WHAT YOU HAVE TO DO: A verbatim reproduction of the lines below, from the line containing "real set \<Rightarrow>" through the line containing "text \<open>Wirtinger derivative", both ends included, is the whole required output.

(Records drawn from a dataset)
(* Let $0<\alpha<1$, let $\Gamma$ be a Jordan curve of class $C^{1+\alpha}$, and let $\eta\in C^{1+\alpha}(\Gamma)$ be such that $\eta(\Gamma)=\mathbb{T}$ and $\eta^{-1}:\mathbb{T}\to\Gamma$ exists and is differentiable. Fix any pseudoanalytic extension of $\eta$ to $\mathbb{C}$, also denoted $\eta$. Then there is a neighborhood $U$ of $\Gamma$ such that $\eta:U\to\eta(U)$ is a $C^1$ diffeomorphism, $\eta(U)$ is a neighborhood of $\mathbb{T}$, and $\eta$ is bi-Lipschitz in $U$: there are constants $c,C>0$ with $$c|z-w|\le|\eta(z)-\eta(w)|\le C|z-w|,\qquad z,w\in U.$$
   Context: $\mathbb{T}$ is the unit circle. A Jordan curve $\Gamma$ is of class $C^{1+\alpha}$ if $\Gamma=\psi(\mathbb{T})$ for a bijection $\psi:\mathbb{T}\to\Gamma$ with $\psi\in C^1(\mathbb{T})$, $\psi'$ nowhere vanishing and $\psi'$ Hölder of order $\alpha$. A function $f:\Gamma\to\mathbb{C}$ belongs to $C^{1+\alpha}(\Gamma)$ if $f\circ\psi\in C^1(\mathbb{T})$ and $(f\circ\psi)'$ is Hölder of order $\alpha$. A pseudoanalytic extension of $f\in C^{1+\alpha}(\Gamma)$ is a function $F\in C^1(\mathbb{C})$ with $F|_\Gamma=f$ and $\left|\frac{\partial F}{\partial\bar z}(z)\right|\le C_f\operatorname{dist}(z,\Gamma)^\alpha$ for all $z\in\mathbb{C}$, for some constant $C_f$, where $\frac{\partial}{\partial\bar z}=\frac12\left(\frac{\partial}{\partial x}+i\frac{\partial}{\partial y}\right)$. Such extensions always exist. *)

theory Defs
  imports "HOL-Analysis.Analysis"
begin

text \<open>Points of the unit circle are parametrised by angle t via cis t.
  A function g on the circle is handled through the 2pi-periodic function t |-> g (cis t).\<close>

definition holder_on :: "real \<Rightarrow> real set \<Rightarrow> (real \<Rightarrow> complex) \<Rightarrow> bool" where
  "holder_on \<alpha> S f \<longleftrightarrow> (\<exists>K. \<forall>x\<in>S. \<forall>y\<in>S. norm (f x - f y) \<le> K * dist x y powr \<alpha>)"

definition C1a_circle_with :: "real \<Rightarrow> (complex \<Rightarrow> complex) \<Rightarrow> (real \<Rightarrow> complex) \<Rightarrow> bool" where
  "C1a_circle_with \<alpha> g g' \<longleftrightarrow>
     (\<forall>t. ((\<lambda>s. g (cis s)) has_vector_derivative g' t) (at t)) \<and> holder_on \<alpha> UNIV g'"

definition C1a_circle :: "real \<Rightarrow> (complex \<Rightarrow> complex) \<Rightarrow> bool" where
  "C1a_circle \<alpha> g \<longleftrightarrow> (\<exists>g'. C1a_circle_with \<alpha> g g')"

definition C1a_jordan_param :: "real \<Rightarrow> (complex \<Rightarrow> complex) \<Rightarrow> complex set \<Rightarrow> bool" where
  "C1a_jordan_param \<alpha> \<psi> \<Gamma> \<longleftrightarrow> bij_betw \<psi> (sphere 0 1) \<Gamma> \<and>
     (\<exists>\<psi>'. C1a_circle_with \<alpha> \<psi> \<psi>' \<and> (\<forall>t. \<psi>' t \<noteq> 0))"

definition C1a_on_curve :: "real \<Rightarrow> (complex \<Rightarrow> complex) \<Rightarrow> (complex \<Rightarrow> complex) \<Rightarrow> bool" where
  "C1a_on_curve \<alpha> \<psi> f \<longleftrightarrow> C1a_circle \<alpha> (f \<circ> \<psi>)"

definition C1_on :: "complex set \<Rightarrow> (complex \<Rightarrow> complex) \<Rightarrow> bool" where
  "C1_on S f \<longleftrightarrow> (\<forall>z\<in>S. f differentiable (at z)) \<and>
     continuous_on S (\<lambda>z. frechet_derivative f (at z) 1) \<and>
     continuous_on S (\<lambda>z. frechet_derivative f (at z) \<i>)"

text \<open>Wirtinger derivative d/d zbar = (d/dx + i d/dy)/2.\<close>
definition dbar :: "(complex \<Rightarrow> complex) \<Rightarrow> complex \<Rightarrow> complex" where
  "dbar F z = (frechet_derivative F (at z) 1 + \<i> * frechet_derivative F (at z) \<i>) / 2"

definition pseudoanalytic_ext ::
  "real \<Rightarrow> complex set \<Rightarrow> (complex \<Rightarrow> complex) \<Rightarrow> (complex \<Rightarrow> complex) \<Rightarrow> bool" where
  "pseudoanalytic_ext \<alpha> \<Gamma> f F \<longleftrightarrow> C1_on UNIV F \<and> (\<forall>z\<in>\<Gamma>. F z = f z) \<and>
     (\<exists>C. \<forall>z. norm (dbar F z) \<le> C * infdist z \<Gamma> powr \<alpha>)"

end

theory Submission
  imports Defs
begin

text \<open>
  On \<Gamma> the pseudoanalytic extension satisfies \<open>dbar \<eta> = 0\<close>, so its real derivative there is
  multiplication by the complex number \<open>a = \<partial>\<eta>/\<partial>x\<close>. This number cannot vanish: otherwise \<open>\<eta> \<circ> \<psi> \<circ> cis\<close> would
  have zero derivative at the corresponding angle, while composing it with a differentiable branch
  of the angle on the unit circle and then with the differentiable map \<open>\<eta>\<inverse> \<circ> cis\<close> recovers
  \<open>\<psi> \<circ> cis\<close>, whose derivative is nonzero. By compactness \<open>\<bar>a\<bar> \<ge> m > 0\<close> on \<Gamma>, and uniform
  continuity of \<open>D\<eta>\<close> gives \<open>\<bar>D\<eta>(x) h\<bar> \<ge> m/2 \<bar>h\<bar>\<close> and \<open>onorm (D\<eta>(x)) \<le> B\<close> on all balls of a fixed
  radius centred on \<Gamma>; the mean value inequality makes \<eta> bi-Lipschitz on each such ball. Since \<eta>
  is injective on the compact set \<Gamma>, points of \<Gamma> a fixed distance apart have images a fixed
  distance apart, and this globalises the estimate to a tubular neighbourhood U of \<Gamma>. Invariance
  of domain makes \<open>\<eta>(U)\<close> open, and the inverse function theorem, with Cramer's rule for the inverse
  of the derivative, shows that the inverse is \<open>C\<^sup>1\<close>.
\<close>

lemma linear_complex_decomp:
  fixes L :: "complex \<Rightarrow> 'a::real_vector"
  assumes "linear L"
  shows "L h = Re h *\<^sub>R L 1 + Im h *\<^sub>R L \<i>"
proof -
  have "h = Re h *\<^sub>R 1 + Im h *\<^sub>R \<i>"
    by (simp add: complex_eq_iff)
  then have "L h = L (Re h *\<^sub>R 1 + Im h *\<^sub>R \<i>)"
    by simp
  also have "\<dots> = Re h *\<^sub>R L 1 + Im h *\<^sub>R L \<i>"
    using assms by (simp add: linear_add linear_scale)
  finally show ?thesis .
qed
(* Let $a,b,c,d>0$ with $a+c\le b+d$, let $\mu\in(0,1]$ and $u>(c+d)/2$, and consider on $\mathcal{I}=[0,1]^2$ the controlled system $$\dot x=x(1-x)\big[xr(-c+d-a+b)+x(a-b)-r(d+b)+b+u\big]+\mu(1-2x),\qquad \dot r=r(1-r)(2x-1).$$ Let $(x_t^*,1)$ be the equilibrium on the side $\{r=1\}$ with $x_t^*\in(1/2,1)$. Then $(x_t^*,1)$ is almost globally stable.
   Context: For these parameters there is exactly one equilibrium $(x_t^*,1)$ on $\mathcal{B}_t=\{(x,1):x\in[0,1]\}$ with $x_t^*\in(1/2,1)$. An equilibrium is almost globally stable if it is asymptotically stable and every trajectory starting in $\mathcal{I}\setminus(\mathcal{B}_t\cup\mathcal{B}_b)$ converges to it, where $\mathcal{B}_b=\{(x,0):x\in[0,1]\}$. *)

theory Defs
  imports "HOL-Analysis.Analysis"
begin

definition field :: "real \<Rightarrow> real \<Rightarrow> real \<Rightarrow> real \<Rightarrow> real \<Rightarrow> real \<Rightarrow> real \<times> real \<Rightarrow> real \<times> real" where
  "field a b c d \<mu> u p =
     (let x = fst p; r = snd p in
      (x * (1 - x) * (x * r * (- c + d - a + b) + x * (a - b) - r * (d + b) + b + u)
         + \<mu> * (1 - 2 * x),
       r * (1 - r) * (2 * x - 1)))"

definition Icube :: "(real \<times> real) set" where
  "Icube = {0..1} \<times> {0..1}"

definition Btop :: "(real \<times> real) set" where
  "Btop = {p. fst p \<in> {0..1} \<and> snd p = 1}"

definition Bbot :: "(real \<times> real) set" where
  "Bbot = {p. fst p \<in> {0..1} \<and> snd p = 0}"

definition trajectory :: "(real \<times> real \<Rightarrow> real \<times> real) \<Rightarrow> real \<times> real \<Rightarrow> (real \<Rightarrow> real \<times> real) \<Rightarrow> bool" where
  "trajectory f p0 \<phi> \<longleftrightarrow> \<phi> 0 = p0 \<and>
     (\<forall>t\<ge>0. (\<phi> has_vector_derivative f (\<phi> t)) (at t within {0..}))"
(* Let $0\to\mathcal H_{\mathcal Q}\xrightarrow{inc}\mathcal E_{\mathcal R}\xrightarrow{proj}\mathcal L_{\mathcal N}\to0$ be a non-abelian extension of Nijenhuis Lie conformal algebras. Then the sequence $$1\longrightarrow\mathrm{Aut}^{\mathcal L,\mathcal H}_{\mathcal H}(\mathcal E_{\mathcal R})\xrightarrow{inc}\mathrm{Aut}_{\mathcal H}(\mathcal E_{\mathcal R})\xrightarrow{\Pi}\mathrm{Aut}(\mathcal H_{\mathcal Q})\times\mathrm{Aut}(\mathcal L_{\mathcal N})\xrightarrow{\mathfrak W}H^2_{nab}(\mathcal L_{\mathcal N},\mathcal H_{\mathcal Q})$$ is exact.
   Context: All spaces over $\mathbb C$. A Lie conformal algebra is a $\mathbb C[\partial]$-module with a $\mathbb C$-bilinear $\lambda$-bracket satisfying $[\partial a_\lambda b]=-\lambda[a_\lambda b]$, $[a_\lambda\partial b]=(\partial+\lambda)[a_\lambda b]$, $[a_\lambda b]=-[b_{-\partial-\lambda}a]$, $[a_\lambda[b_\mu c]]=[[a_\lambda b]_{\lambda+\mu}c]+[b_\mu[a_\lambda c]]$. A Nijenhuis operator is a $\mathbb C[\partial]$-linear $\mathcal N$ with $[\mathcal N(p)_\lambda\mathcal N(q)]=\mathcal N([\mathcal N(p)_\lambda q]+[p_\lambda\mathcal N(q)]-\mathcal N([p_\lambda q]))$; Nijenhuis Lie conformal algebras $\mathcal L_{\mathcal N}=(\mathcal L,[\cdot_\lambda\cdot]_{\mathcal L},\mathcal N)$, $\mathcal H_{\mathcal Q}=(\mathcal H,[\cdot_\lambda\cdot]_{\mathcal H},\mathcal Q)$, $\mathcal E_{\mathcal R}=(\mathcal E,[\cdot_\lambda\cdot]_{\mathcal E},\mathcal R)$ are Lie conformal algebras with Nijenhuis operators; morphisms are bracket-preserving $\mathbb C[\partial]$-linear maps intertwining the operators; $\mathrm{Aut}$ denotes bijective self-morphisms. A non-abelian extension is a short exact sequence of such morphisms as displayed, split as $\mathbb C[\partial]$-modules, with $\mathcal H\subset\mathcal E$ and $\mathcal R|_{\mathcal H}=\mathcal Q$; fix a $\mathbb C[\partial]$-linear section $s$ of $proj$ and the induced $\chi_\lambda(p,q)=[s(p)_\lambda s(q)]_{\mathcal E}-s([p_\lambda q]_{\mathcal L})$, $\rho(p)_\lambda h=[s(p)_\lambda h]_{\mathcal E}$, $\Phi(p)=\mathcal R(s(p))-s(\mathcal N(p))$. Non-abelian $2$-cocycles: triples $(\chi_\lambda:\mathcal L\otimes\mathcal L\to\mathcal H[\lambda],\rho:\mathcal L\otimes\mathcal H\to\mathcal H[\lambda],\Phi:\mathcal L\to\mathcal H)$ with (i) $\rho(p)_\lambda\rho(q)_\mu h-\rho(q)_\mu\rho(p)_\lambda h-\rho([p_\lambda q]_{\mathcal L})_{\lambda+\mu}h=[\chi_\lambda(p,q)_{\lambda+\mu}h]_{\mathcal H}$; (ii) $\rho(p)_\lambda\chi_\mu(q,r)+\rho(q)_\mu\chi_\lambda(r,p)+\rho(r)_{-\partial-\lambda-\mu}\chi_\lambda(p,q)-\chi_{\lambda+\mu}([q_\mu r]_{\mathcal L},p)-\chi_{\lambda+\mu}([r_{-\partial-\lambda}p]_{\mathcal L},q)-\chi_{\lambda+\mu}([p_\lambda q]_{\mathcal L},r)=0$; (iii) $\rho(\mathcal Np)_\lambda\mathcal Q(h)=\mathcal Q(\rho(\mathcal Np)_\lambda h+\rho(p)_\lambda\mathcal Q(h)-\mathcal Q(\rho(p)_\lambda h))+\mathcal Q([\Phi(p)_\lambda h]_{\mathcal H})-[\Phi(p)_\lambda\mathcal Q(h)]_{\mathcal H}$; (iv) $\chi_\lambda(\mathcal Np,\mathcal Nq)-\mathcal Q(\chi_\lambda(\mathcal Np,q)+\chi_\lambda(p,\mathcal Nq)-\mathcal Q\chi_\lambda(p,q))-\Phi([\mathcal N(p)_\lambda q]_{\mathcal L}+[p_\lambda\mathcal N(q)]_{\mathcal L}-\mathcal N[p_\lambda q]_{\mathcal L})+\rho(\mathcal Np)_\lambda\Phi(q)-\rho(\mathcal Nq)_{-\partial-\lambda}\Phi(p)+\mathcal Q(\rho(q)_{-\partial-\lambda}\Phi(p)-\rho(p)_\lambda\Phi(q)+\Phi([p_\lambda q]_{\mathcal L}))+[\Phi(p)_\lambda\Phi(q)]_{\mathcal H}=0$, for all $p,q,r\in\mathcal L$, $h\in\mathcal H$. Equivalence via a linear $\tau:\mathcal L\to\mathcal H$: $\rho(p)_\lambda h-\rho'(p)_\lambda h=[\tau(p)_\lambda h]_{\mathcal H}$, $\chi_\lambda(p,q)-\chi'_\lambda(p,q)=[\tau(p)_\lambda\tau(q)]_{\mathcal H}-\tau([p_\lambda q]_{\mathcal L})+\rho'(p)_\lambda\tau(q)-\rho'(q)_{-\partial-\lambda}\tau(p)$, $\Phi(p)-\Phi'(p)=\mathcal Q\tau(p)-\tau\mathcal N(p)$; $H^2_{nab}(\mathcal L_{\mathcal N},\mathcal H_{\mathcal Q})$ = equivalence classes. $\mathrm{Aut}_{\mathcal H}(\mathcal E_{\mathcal R})=\{\gamma\in\mathrm{Aut}(\mathcal E_{\mathcal R}):\gamma(\mathcal H)=\mathcal H\}$; $\Pi(\gamma)=(\gamma|_{\mathcal H},proj\circ\gamma\circ s)$; $\mathrm{Aut}^{\mathcal L,\mathcal H}_{\mathcal H}(\mathcal E_{\mathcal R})=\{\gamma\in\mathrm{Aut}_{\mathcal H}(\mathcal E_{\mathcal R}):\Pi(\gamma)=(\mathrm{Id}_{\mathcal H},\mathrm{Id}_{\mathcal L})\}$ with its inclusion $inc$. The Wells map is $\mathfrak W(\alpha,\beta)=[(\chi^{(\alpha,\beta)}_\lambda,\rho^{(\alpha,\beta)},\Phi^{(\alpha,\beta)})-(\chi_\lambda,\rho,\Phi)]$ where $\chi^{(\alpha,\beta)}_\lambda(p,q)=\alpha\chi_\lambda(\beta^{-1}p,\beta^{-1}q)$, $\rho^{(\alpha,\beta)}(p)_\lambda h=\alpha(\rho(\beta^{-1}p)_\lambda\alpha^{-1}h)$, $\Phi^{(\alpha,\beta)}(p)=\alpha\Phi(\beta^{-1}p)$. Exactness at $\mathrm{Aut}(\mathcal H_{\mathcal Q})\times\mathrm{Aut}(\mathcal L_{\mathcal N})$ means: the image of $\Pi$ equals the set of pairs $(\alpha,\beta)$ at which $\mathfrak W$ is trivial, i.e. for which $(\chi^{(\alpha,\beta)}_\lambda,\rho^{(\alpha,\beta)},\Phi^{(\alpha,\beta)})$ is equivalent to $(\chi_\lambda,\rho,\Phi)$; exactness at the other terms means $inc$ is injective and $\ker\Pi=\mathrm{Aut}^{\mathcal L,\mathcal H}_{\mathcal H}(\mathcal E_{\mathcal R})$. *)

theory Defs
  imports Complex_Main
begin

text \<open>The lambda-bracket [a_lambda b] is stored by its coefficients:
  lbr A a b n is the coefficient of lambda^n (finitely many nonzero).\<close>

record 'a lca =
  scal :: "complex \<Rightarrow> 'a \<Rightarrow> 'a"
  der  :: "'a \<Rightarrow> 'a"
  lbr  :: "'a \<Rightarrow> 'a \<Rightarrow> nat \<Rightarrow> 'a"

record 'a nlca = "'a lca" +
  nij :: "'a \<Rightarrow> 'a"

text \<open>With T = (x *) this is ordinary evaluation at x;
  with T = (- d - x) it is the substitution lambda := -d - x.\<close>
definition opev :: "('a::ab_group_add \<Rightarrow> 'a) \<Rightarrow> (nat \<Rightarrow> 'a) \<Rightarrow> 'a" where
  "opev T c = (\<Sum>n\<in>{n. c n \<noteq> 0}. (T ^^ n) (c n))"

definition lb :: "('a::ab_group_add, 'z) lca_scheme \<Rightarrow> 'a \<Rightarrow> 'a \<Rightarrow> complex \<Rightarrow> 'a" where
  "lb A a b x = opev (scal A x) (lbr A a b)"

RESPONSE:
definition holder_on :: "real \<Rightarrow> real set \<Rightarrow> (real \<Rightarrow> complex) \<Rightarrow> bool" where
  "holder_on \<alpha> S f \<longleftrightarrow> (\<exists>K. \<forall>x\<in>S. \<forall>y\<in>S. norm (f x - f y) \<le> K * dist x y powr \<alpha>)"

definition C1a_circle_with :: "real \<Rightarrow> (complex \<Rightarrow> complex) \<Rightarrow> (real \<Rightarrow> complex) \<Rightarrow> bool" where
  "C1a_circle_with \<alpha> g g' \<longleftrightarrow>
     (\<forall>t. ((\<lambda>s. g (cis s)) has_vector_derivative g' t) (at t)) \<and> holder_on \<alpha> UNIV g'"

definition C1a_circle :: "real \<Rightarrow> (complex \<Rightarrow> complex) \<Rightarrow> bool" where
  "C1a_circle \<alpha> g \<longleftrightarrow> (\<exists>g'. C1a_circle_with \<alpha> g g')"

definition C1a_jordan_param :: "real \<Rightarrow> (complex \<Rightarrow> complex) \<Rightarrow> complex set \<Rightarrow> bool" where
  "C1a_jordan_param \<alpha> \<psi> \<Gamma> \<longleftrightarrow> bij_betw \<psi> (sphere 0 1) \<Gamma> \<and>
     (\<exists>\<psi>'. C1a_circle_with \<alpha> \<psi> \<psi>' \<and> (\<forall>t. \<psi>' t \<noteq> 0))"

definition C1a_on_curve :: "real \<Rightarrow> (complex \<Rightarrow> complex) \<Rightarrow> (complex \<Rightarrow> complex) \<Rightarrow> bool" where
  "C1a_on_curve \<alpha> \<psi> f \<longleftrightarrow> C1a_circle \<alpha> (f \<circ> \<psi>)"

definition C1_on :: "complex set \<Rightarrow> (complex \<Rightarrow> complex) \<Rightarrow> bool" where
  "C1_on S f \<longleftrightarrow> (\<forall>z\<in>S. f differentiable (at z)) \<and>
     continuous_on S (\<lambda>z. frechet_derivative f (at z) 1) \<and>
     continuous_on S (\<lambda>z. frechet_derivative f (at z) \<i>)"

text \<open>Wirtinger derivative d/d zbar = (d/dx + i d/dy)/2.\<close>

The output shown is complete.